Participants (not necessarily presenters)

• Aris Adamantiadis (libssh)
• Andreas Jellinghaus (OpenSC)
• Andreas Schneider (libssh)
• Daniel Pocock (dynalogin)
• Daniel Stenberg (libssh2, libcurl)
• Jean-Michel Pouré (Gooze)
• Kai Engert (NSS)
• Larry Stefonic (yaSSL)
• Martin Paljak (OpenSC)
• Nikos Mavrogiannopoulos (GnuTLS)
• Peter Koch (OpenSC)
• Peter Stuge (OpenSC, libssh2, OpenSSH-portable)
• Simon Josefsson (GNU SASL, GNU Shishi, GNU GSS, HOTP Toolkit, GnuTLS, libssh2)
• Stef Walter (!GnomeKeyring)
• Tomas Gustavsson (EJBCA)
• Emanuele Pucciarelli (OpenSC)

Devroom

This was proposed to the FOSDEM people, fields in bold went into the application. (Confirmation e-mail)

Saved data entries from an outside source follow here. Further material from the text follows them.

lemma Spow_eq_vandermonde_Dmat:
  assumes "m < n"
  shows "Spow n m x y = vandermonde_mat n x * Dmat n m * transpose_mat (vandermonde_mat n y)"
proof (rule eq_matI)
  fix i j assume "i < dim_row (vandermonde_mat n x * Dmat n m * transpose_mat (vandermonde_mat n y))"
    "j < dim_col (vandermonde_mat n x * Dmat n m * transpose_mat (vandermonde_mat n y))"
  then have ij: "i < n" "j < n" by (auto simp: vandermonde_mat_def)
  have VD: "(vandermonde_mat n x * Dmat n m) $$ (i,k) =
      (if k \<le> m then real (m choose k) * x (Suc i) ^ k else 0)" if "k < n" for k
    using ij that by (subst index_mult_lower_bidiagonal[of _ n n])
      (auto simp: vandermonde_mat_def Dmat_def)
  have "(vandermonde_mat n x * Dmat n m * transpose_mat (vandermonde_mat n y)) $$ (i,j) =
      (\<Sum>k<n. (vandermonde_mat n x * Dmat n m) $$ (i,k) * transpose_mat (vandermonde_mat n y) $$ (k,j))"
    using ij by (intro index_mult_mat_sum) (auto simp: vandermonde_mat_def Dmat_def)
  also have "\<dots> = (\<Sum>k<n. if k \<le> m then real (m choose k) * (x (Suc i) * y (Suc j)) ^ k else 0)"
    using ij by (intro sum.cong refl, subst VD) (auto simp: vandermonde_mat_def power_mult_distrib)
  also have "\<dots> = (\<Sum>k\<le>m. real (m choose k) * (x (Suc i) * y (Suc j)) ^ k)"
    using assms by (intro sum.mono_neutral_cong_right) auto
  also have "\<dots> = (x (Suc i) * y (Suc j) + 1) ^ m"
    by (simp add: binomial_ring)
  also have "\<dots> = Spow n m x y $$ (i,j)"
    using ij by (simp add: Spow_def add.commute)
  finally show "Spow n m x y $$ (i,j) =
      (vandermonde_mat n x * Dmat n m * transpose_mat (vandermonde_mat n y)) $$ (i,j)" ..
qed (auto simp: Spow_def vandermonde_mat_def)

theorem theorem2p4:
  fixes n m :: nat and x y :: "nat \<Rightarrow> real"
  assumes "n \<ge> 2" and "1 \<le> m" and "m \<le> n - 1"
    and "inj_on x {1..n}" and "inj_on y {1..n}"
  shows "Spow n m x y = LU_prod n x * Dmat n m * transpose_mat (LU_prod n y)"
  using assms by (simp add: LU_prod_eq_vandermonde_mat Spow_eq_vandermonde_Dmat)

end
theorem proposition3p18:
  fixes iA :: "'k::field \<Rightarrow> 'a::comm_ring_1"
    and s t :: "'a \<Rightarrow> 'h::comm_ring_1"
    and \<epsilon> :: "'h \<Rightarrow> 'a"
    and Delta :: "'h \<Rightarrow> ('h \<times> 'h) list"
    and S :: "'h \<Rightarrow> 'h"
    and I :: "'h set"
  assumes "comm_hopf_algebroid iA s t \<epsilon> Delta S"
    and "hopf_ideal s t \<epsilon> Delta S I"
  shows "normal_ideal s t Delta S I \<longleftrightarrow>
    (st_ideal s t \<subseteq> I \<and>
     (\<exists>\<delta>' :: 'h \<Rightarrow> ('h \<times> 'h) list.
        (\<forall>x y. x - y \<in> I \<longrightarrow> quot_H_eq s I (\<delta>' x) (\<delta>' y)) \<and>
        (\<forall>x. quot_H_eq s I (\<delta>' x) (hbar_coaction Delta S x))))"
proof
  assume N: "normal_ideal s t Delta S I"
  then have "st_ideal s t \<subseteq> I" unfolding normal_ideal_def by blast
  moreover have "quot_H_eq s I (hbar_coaction Delta S x) (hbar_coaction Delta S y)"
    if "x - y \<in> I" for x y
    by (rule normal_ideal_imp_hbar_coaction_descends[OF assms(1) N that])
  ultimately show "st_ideal s t \<subseteq> I \<and> (\<exists>\<delta>'. (\<forall>x y. x - y \<in> I \<longrightarrow> quot_H_eq s I (\<delta>' x) (\<delta>' y))
      \<and> (\<forall>x. quot_H_eq s I (\<delta>' x) (hbar_coaction Delta S x)))"
    using quot_H_eq_refl by blast
next
  assume "st_ideal s t \<subseteq> I \<and> (\<exists>\<delta>'. (\<forall>x y. x - y \<in> I \<longrightarrow> quot_H_eq s I (\<delta>' x) (\<delta>' y))
      \<and> (\<forall>x. quot_H_eq s I (\<delta>' x) (hbar_coaction Delta S x)))"
  then obtain \<delta>' where st: "st_ideal s t \<subseteq> I"
    and descends: "\<And>x y. x - y \<in> I \<Longrightarrow> quot_H_eq s I (\<delta>' x) (\<delta>' y)"
    and lifts: "\<And>x. quot_H_eq s I (\<delta>' x) (hbar_coaction Delta S x)" by blast
  have "quot_H_eq s I (hbar_coaction Delta S x) []" if "x \<in> I" for x
  proof -
    have "quot_H_eq s I (hbar_coaction Delta S x) (\<delta>' x)" by (rule quot_H_eq_sym[OF lifts])
    also have "quot_H_eq s I \<dots> (\<delta>' 0)" using descends \<open>x \<in> I\<close> by simp
    also have "quot_H_eq s I \<dots> (hbar_coaction Delta S 0)" by (rule lifts)
    also have "quot_H_eq s I \<dots> []" by (rule quot_H_eq_mono[OF st hbar_coaction_zero[OF assms(1)]])
    finally show ?thesis .
  qed
  with st show "normal_ideal s t Delta S I" by (rule hbar_coaction_vanishing_imp_normal_ideal)
qed
(* Let $\mathcal{T}\in(\mathbb{R}^4)^{\otimes 4}$ be the symmetric tensor corresponding to the quartic $x^4-3y^4+12x^2yz+12xy^2w$ in the variables $x,y,z,w$. Then $\operatorname{drk}_2\mathcal{T}=\operatorname{sdrk}_2\mathcal{T}=9$.
   Context: All tensors are real. Symmetric tensors $\mathcal{T}\in(\mathbb{R}^I)^{\otimes d}$ correspond bijectively to homogeneous degree $d$ polynomials via $\mathcal{T}\leftrightarrow\sum_{k_1,\dots,k_d\in I}\mathcal{T}(k_1|\dots|k_d)x_{k_1}\cdots x_{k_d}$. For a symmetric $\mathcal{T}\in(\mathbb{R}^I)^{\otimes d}$ and $1\le j\le d$, the slice space $\mathcal{L}_j\subset(\mathbb{R}^I)^{\otimes j}$ is the linear span of all order $j$ slices obtained by fixing the last $d-j$ indices of $\mathcal{T}$ to arbitrary values. $\operatorname{drk}_j\mathcal{T}$ is the smallest $r$ such that there are $r$ decomposable tensors $v_1\otimes\cdots\otimes v_j$ whose linear span contains $\mathcal{L}_j$; $\operatorname{sdrk}_j\mathcal{T}$ is the smallest $r$ such that there are $r$ symmetric decomposable tensors $\lambda v^{\otimes j}$ whose linear span contains $\mathcal{L}_j$. *)

theory Defs
  imports "HOL-Analysis.Analysis"
begin

text \<open>Order-4 tensors over R^I with I = the 4-element type '4 (elements 0,1,2,3
  standing for the variables x,y,z,w), represented as real^'4^'4^'4^'4;
  order-2 tensors in R^I (x) R^I are real^'4^'4.\<close>

type_synonym tensor4 = "real^4^4^4^4"
type_synonym tensor2 = "real^4^4"

definition entry4 :: "tensor4 \<Rightarrow> (nat \<Rightarrow> 4) \<Rightarrow> real" where
  "entry4 T k = T $ k 0 $ k 1 $ k 2 $ k 3"

definition symmetric4 :: "tensor4 \<Rightarrow> bool" where
  "symmetric4 T \<longleftrightarrow> (\<forall>k \<sigma>. \<sigma> permutes {0..<4} \<longrightarrow> entry4 T (k \<circ> \<sigma>) = entry4 T k)"

definition tensor_poly4 :: "tensor4 \<Rightarrow> real^4 \<Rightarrow> real" where
  "tensor_poly4 T x = (\<Sum>a\<in>UNIV. \<Sum>b\<in>UNIV. \<Sum>c\<in>UNIV. \<Sum>d\<in>UNIV.
       T $ a $ b $ c $ d * x $ a * x $ b * x $ c * x $ d)"

definition slice_space2 :: "tensor4 \<Rightarrow> tensor2 set" where
  "slice_space2 T = span {(\<chi> a b. T $ a $ b $ c $ d) | c d. True}"

definition outer2 :: "real^4 \<Rightarrow> real^4 \<Rightarrow> tensor2" where
  "outer2 u v = (\<chi> a b. u $ a * v $ b)"

definition drk2 :: "tensor4 \<Rightarrow> nat" where
  "drk2 T = (LEAST r. \<exists>u v :: nat \<Rightarrow> real^4.
      slice_space2 T \<subseteq> span ((\<lambda>i. outer2 (u i) (v i)) ` {..<r}))"

definition sdrk2 :: "tensor4 \<Rightarrow> nat" where
  "sdrk2 T = (LEAST r. \<exists>(c :: nat \<Rightarrow> real) (v :: nat \<Rightarrow> real^4).
      slice_space2 T \<subseteq> span ((\<lambda>i. c i *\<^sub>R outer2 (v i) (v i)) ` {..<r}))"

end

theory Submission
  imports Defs "HOL-Computational_Algebra.Polynomial"
begin

text \<open>A symmetric tensor is determined by its quartic form, so \<open>T\<close> is the explicit tensor
  of the quartic. Its order-2 slices span the six-dimensional space of matrices
  \<open>[[p, r, g, d], [r, q, e, g], [g, e, 0, 0], [d, g, 0, 0]]\<close>, which nine symmetric rank-one
  matrices span. If eight rank-one matrices spanned it, exchanging three of them for the
  units of the upper-left block would leave every off-diagonal block \<open>(d, e, g)\<close> in the span
  of four rank-one matrices \<open>R\<^sub>j\<close> plus one extra \<open>a b\<^sup>T\<close>. Combining three such matrices
  yields an invertible \<open>M\<^sub>0\<close> and an \<open>M\<^sub>1\<close> in the span of the \<open>R\<^sub>j\<close>; four rank-one
  matrices spanning an invertible one are simultaneously diagonalised by \<open>M\<^sub>0\<^sup>-\<^sup>1\<close>, and
  testing the resulting commutation on a vector that kills \<open>a b\<^sup>T\<close> gives a \<open>2 \<times> 2\<close>-block
  system with determinant \<open>-\<Delta>\<^sup>2 \<noteq> 0\<close>, a contradiction.\<close>

text \<open>Zero-based versions of \<open>sum_4\<close> and \<open>forall_4\<close>: the variables \<open>x, y, z, w\<close> are the
  indices \<open>0, 1, 2, 3\<close> of type \<open>4\<close>, in which \<open>4 = 0\<close>.\<close>

lemma four_eq_zero: "(4 :: 4) = 0"
  by simp

lemma sum_4': "sum f (UNIV :: 4 set) = f 0 + f 1 + f 2 + f 3"
  by (simp add: sum_4 four_eq_zero ac_simps)

lemma forall_4': "(\<forall>i::4. P i) \<longleftrightarrow> P 0 \<and> P 1 \<and> P 2 \<and> P 3"
  by (auto simp: forall_4 four_eq_zero)

section \<open>A symmetric tensor is determined by its quartic\<close>

lemma symmetric4_entry_eq:
  assumes "symmetric4 T" and "mset [a, b, c, d] = mset [a', b', c', d']"
  shows "T $ a $ b $ c $ d = T $ a' $ b' $ c' $ d'"
proof -
  obtain p where p: "p permutes {..<length [a, b, c, d]}" "permute_list p [a, b, c, d] = [a', b', c', d']"
    by (rule mset_eq_permutation[OF assms(2)[symmetric]])
  define k where "k n = [a, b, c, d] ! n" for n
  have k_p: "k (p n) = [a', b', c', d'] ! n" if "n < 4" for n
    using permute_list_nth[OF p(1), of n] p(2) that by (simp add: k_def)
  have "p permutes {0..<4}"
    using p(1) by (simp add: atLeast0LessThan numeral_eq_Suc)
  hence "entry4 T (k \<circ> p) = entry4 T k"
    using assms(1) unfolding symmetric4_def by blast
  thus ?thesis
    unfolding entry4_def comp_def using k_p[of 0] k_p[of 1] k_p[of 2] k_p[of 3] by (simp add: k_def)
qed

text \<open>Along the curve \<open>t \<mapsto> (t, t\<^sup>5, t\<^sup>2\<^sup>5, t\<^sup>1\<^sup>2\<^sup>5)\<close> the monomial
  \<open>x\<^sub>a x\<^sub>b x\<^sub>c x\<^sub>d\<close> becomes \<open>t\<^sup>n\<close>, where the base-5 digits of \<open>n\<close> are the
  multiplicities of the variables; so distinct monomials give distinct powers of \<open>t\<close>.\<close>

definition moment_exponent :: "4 \<Rightarrow> nat" where
  "moment_exponent i = (if i = 0 then 1 else if i = 1 then 5 else if i = 2 then 25 else 125)"

lemma moment_exponent_sum_count:
  "moment_exponent a + moment_exponent b + moment_exponent c + moment_exponent d =
     (\<Sum>i\<in>UNIV. count (mset [a, b, c, d]) i * moment_exponent i)"
proof -
  let ?e = moment_exponent
  have "count (mset [a, b, c, d]) i * ?e i = (if i = a then ?e i else 0) + (if i = b then ?e i else 0)
      + (if i = c then ?e i else 0) + (if i = d then ?e i else 0)" for i
    by auto
  thus ?thesis
    by (simp add: sum.distrib)
qed

lemma digit_expansion_unique:
  fixes a b x y m :: nat
  assumes "a + m * x = b + m * y" "a < m" "b < m"
  shows "a = b \<and> x = y"
proof -
  have "a = (a + m * x) mod m" "b = (b + m * y) mod m"
    using assms(2,3) by simp_all
  moreover have "x = (a + m * x) div m" "y = (b + m * y) div m"
    using assms(2,3) by simp_all
  ultimately show ?thesis
    using assms(1) by metis
qed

• devroom name: “Security / hardware crypto keys”
• topic, goals and target projects
  • see above “Why?”
  • as long as there is software that has a “key_file …; certificate_file …;” stanza in the configuration file and does not work with hardware based keys, there is progress to be made.
  • to map the open source software scene and promote interoperability.
  • to promote and help developers integrate with crypto the “best possible way” and share best practices
• related projects and participants:
  • OpenSC
    • To have seamless support in applications for cards supported by OpenSC, either pre-personalized with created with pkcs15-init or some other mechanism.
  • NSS (confirmed, Kai Engert)
    • resonates with NSS Shared DB and Fedora crypto consolidation efforts
  • EJBCA (confirmed, Tomas Gustavsson)
    • signing certificates via OpenSC PKCS#11, assuring that a relatively straightforward personalization/enrollment would be possible with OpenSC. Full cycle from generation to certification and destruction.
  • libssh (confirmed, Aris Adamantiadis, Andreas Schneider)
  • GnomeKeyring (confirmed, Stef Walter)
  • GnuTLS (confirmed, Nikos Mavrogiannopoulos and Simon Josefsson)
  • yaSSL (confirmed, Larry Stefonic)
  • libssh2 (confirmed, Peter Stuge, Daniel Stenberg & Simon Josefsson)
  • libcurl (confirmed, Daniel Stenberg)
  • GNU SASL, GNU Shishi, GNU Generic Security Service (confirmed, Simon Josefsson)
  • dynalogin modular and versatile two-factor authentication suite
  • OATH Toolkit – OATH HOTP/TOTP/etc implementation
  • Fribid
• comments
  • Martin: mailing list post

Brainstorm

• (martin) To catch the attention of developers, share a leaflet with the problem description while wearing a properly themed t-shirt with the message “Protect your privates!” and a complimentary condom. Would be quite funny and catchy, if some condom manufacturer donated a few hundred/thousand condoms for health (and tech!) education purposes.